Syfy Insider Exclusive

Create a free profile to get unlimited access to exclusive videos, sweepstakes, and more!

Sign Up For Free to View
SYFY WIRE time

Understanding Time Loops: The Science of Happy Death Day

The good news is you're probably not going to get stuck in a time loop.

By Cassidy Ward
Tree Gelbman (Jessica Rothe) frowns with runny makeup in Happy Death Day (2017).

Is it possible to end up in a time loop? And if it happened, is there anything you could do to get out of it? Those are the questions underlying the 2017 horror comedy Happy Death Day (streaming now on Peacock). At least, those are some of the questions, alongside critical queries like, “Who is trying to kill me and why?”
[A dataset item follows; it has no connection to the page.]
(* Let $n\ge 1$ and let $\theta_1,\theta_2,\theta_3,\kappa_0,\kappa_1,\ldots,\kappa_n,\rho_1,\ldots,\rho_n$ be complex parameters. Let $q_j,p_j,q'_j,p'_j$ ($j=1,\ldots,n$) be (locally holomorphic) functions of $(t_1,t_2)$ solving the Schlesinger–Tsuda system $\mathcal{H}_{n+1,2}$ \[ \frac{\partial q_j}{\partial t_i}=\frac{\partial H_i}{\partial p_j},\quad \frac{\partial p_j}{\partial t_i}=-\frac{\partial H_i}{\partial q_j},\quad \frac{\partial q'_j}{\partial t_i}=\frac{\partial H_i}{\partial p'_j},\quad \frac{\partial p'_j}{\partial t_i}=-\frac{\partial H_i}{\partial q'_j}\qquad(i=1,2;\ j=1,\ldots,n), \] with Hamiltonians $H_1,H_2$ as described in the context. Assume moreover that \[ q_ip_i-\kappa_i-\rho_i=0,\qquad p'_i=0\qquad(i=1,\ldots,n),\qquad \theta_1+\sum_{j=1}^n(\kappa_j+\rho_j)=0 . \] Let $w_0$ be a nonzero function satisfying \[ d\log w_0=\Big(\sum_{j=1}^np_j+\theta_3\Big)d\log(t_1-1)+\Big\{\sum_{j=1}^n(q'_j-1)p_j+\kappa_0+\rho_1\Big\}d\log t_1+\Big(-\sum_{j=1}^nq'_jp_j+\theta_2\Big)d\log(t_1-t_2), \] where $d$ is the exterior derivative in $(t_1,t_2)$, and put $w_i=p_iw_0$, $w'_i=-q'_ip_iw_0$ ($i=1,\ldots,n$). Then the vector $\mathbf{w}={}^t[w_0,w_1,\ldots,w_n,w'_1,\ldots,w'_n]$ satisfies the linear Pfaff system \[ d\mathbf{w}=\{A_1^{(1)}d\log(t_1-1)+A_0^{(1)}d\log t_1+A_td\log(t_1-t_2)+A_1^{(2)}d\log(t_2-1)+A_0^{(2)}d\log t_2\}\mathbf{w}, \] where, indexing rows and columns by $0,1,\ldots,2n$ (index $i\in\{1,\dots,n\}$ corresponding to $w_i$ and index $n+i$ to $w'_i$) and letting $E_{i,j}$ denote the $(2n+1)\times(2n+1)$ matrix with $1$ in entry $(i,j)$ and $0$ elsewhere, \begin{align*} A_1^{(1)}&=\theta_3E_{0,0}+\sum_{j=1}^nE_{0,j}+\sum_{i=1}^n\Big\{\theta_3(\kappa_i+\rho_i)E_{i,0}+\sum_{j=1}^n(\kappa_i+\rho_i)E_{i,j}\Big\},\\ A_0^{(1)}&=(\kappa_0+\rho_1)E_{0,0}-\sum_{j=1}^nE_{0,j}-\sum_{j=1}^nE_{0,n+j}+\sum_{i=1}^n\Big\{(\rho_1-\rho_i)E_{i,i}-\sum_{j=i+1}^n(\kappa_i+\rho_i)E_{i,j}\Big\}\\ &\quad+\sum_{i=1}^n\Big\{(\rho_1-\rho_i)E_{n+i,n+i}-\sum_{j=i+1}^n(\kappa_i+\rho_i)E_{n+i,n+j}\Big\},\\ A_t&=\theta_2E_{0,0}+\sum_{j=1}^nE_{0,n+j}+\sum_{i=1}^n\Big\{\theta_2(\kappa_i+\rho_i)E_{n+i,0}+\sum_{j=1}^n(\kappa_i+\rho_i)E_{n+i,n+j}\Big\},\\ A_1^{(2)}&=\sum_{i=1}^n\{\theta_2E_{i,i}-\theta_3E_{i,n+i}\}+\sum_{i=1}^n\{-\theta_2E_{n+i,i}+\theta_3E_{n+i,n+i}\},\\ A_0^{(2)}&=\sum_{i=1}^n\Big\{-\theta_2(\kappa_i+\rho_i)E_{n+i,0}+\theta_2E_{n+i,i}-\sum_{j=1}^{i-1}(\kappa_i+\rho_i)E_{n+i,n+j}+(\theta_2+\kappa_0-\kappa_i)E_{n+i,n+i}\Big\}. \end{align*}
   Context: The Hamiltonian $H_1$ is \[ H_1=\frac{H_1^{(t)}}{t_1-t_2}+\frac{H_1^{(1)}}{t_1-1}+\frac{H_1^{(0)}}{t_1}, \] where \begin{align*} H_1^{(t)}&=\Big\{\sum_{i=1}^nq_i(p_i-p'_i)+\theta_1\Big\}\Big\{\sum_{i=1}^nq'_i(p'_i-p_i)+\theta_2\Big\},\\ H_1^{(1)}&=\Big[\sum_{i=1}^n\{(q_i-1)p_i+q'_ip'_i-\kappa_i-\rho_i\}-\theta_3\Big]\Big[\sum_{i=1}^nq_i\{(q_i-1)p_i+q'_ip'_i-\kappa_i-\rho_i\}-\theta_1\Big],\\ H_1^{(0)}&=\Big(\sum_{i=1}^nq_ip_i+\theta_1\Big)\Big\{\sum_{i=1}^n(q_i+q'_i-1)p_i+\kappa_0\Big\}-\sum_{i=1}^n\kappa_iq_ip_i\\ &\quad+\sum_{i=1}^n\sum_{j=i+1}^nq_ip_j\{(q_i-q_j)p_i+(q'_i-q'_j)p'_i-\kappa_i-\rho_i\}. \end{align*} The Hamiltonian $H_2$ is obtained from $H_1$ by the simultaneous replacement $t_1\leftrightarrow t_2$, $p_i\leftrightarrow p'_i$, $q_i\leftrightarrow q'_i$ ($i=1,\dots,n$), $\theta_1\leftrightarrow\theta_2$. *)

theory Defs
  imports "HOL-Analysis.Analysis"
begin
Tree Gelbman (Jessica Rothe) wakes up on her birthday and goes about her business. She meets with classmates, friends, and professors before heading to a celebratory birthday party. On the way, she is lured into a tunnel and killed by a mysterious hooded figure in a baby mask. That’s when the story takes a turn from standard horror fare to science fiction.

Tree immediately wakes at the start of her birthday again, as if it never happened. She goes about her day, reliving the same events over again, with one important exception: She avoids the tunnel, the hooded figure, and her subsequent murder, arriving at the party alive. Unfortunately, the masked killer shows up and gets the job done during the celebration. So Tree wakes up again, realizing she’s trapped in a time loop that begins the morning of her birthday and ends with her death.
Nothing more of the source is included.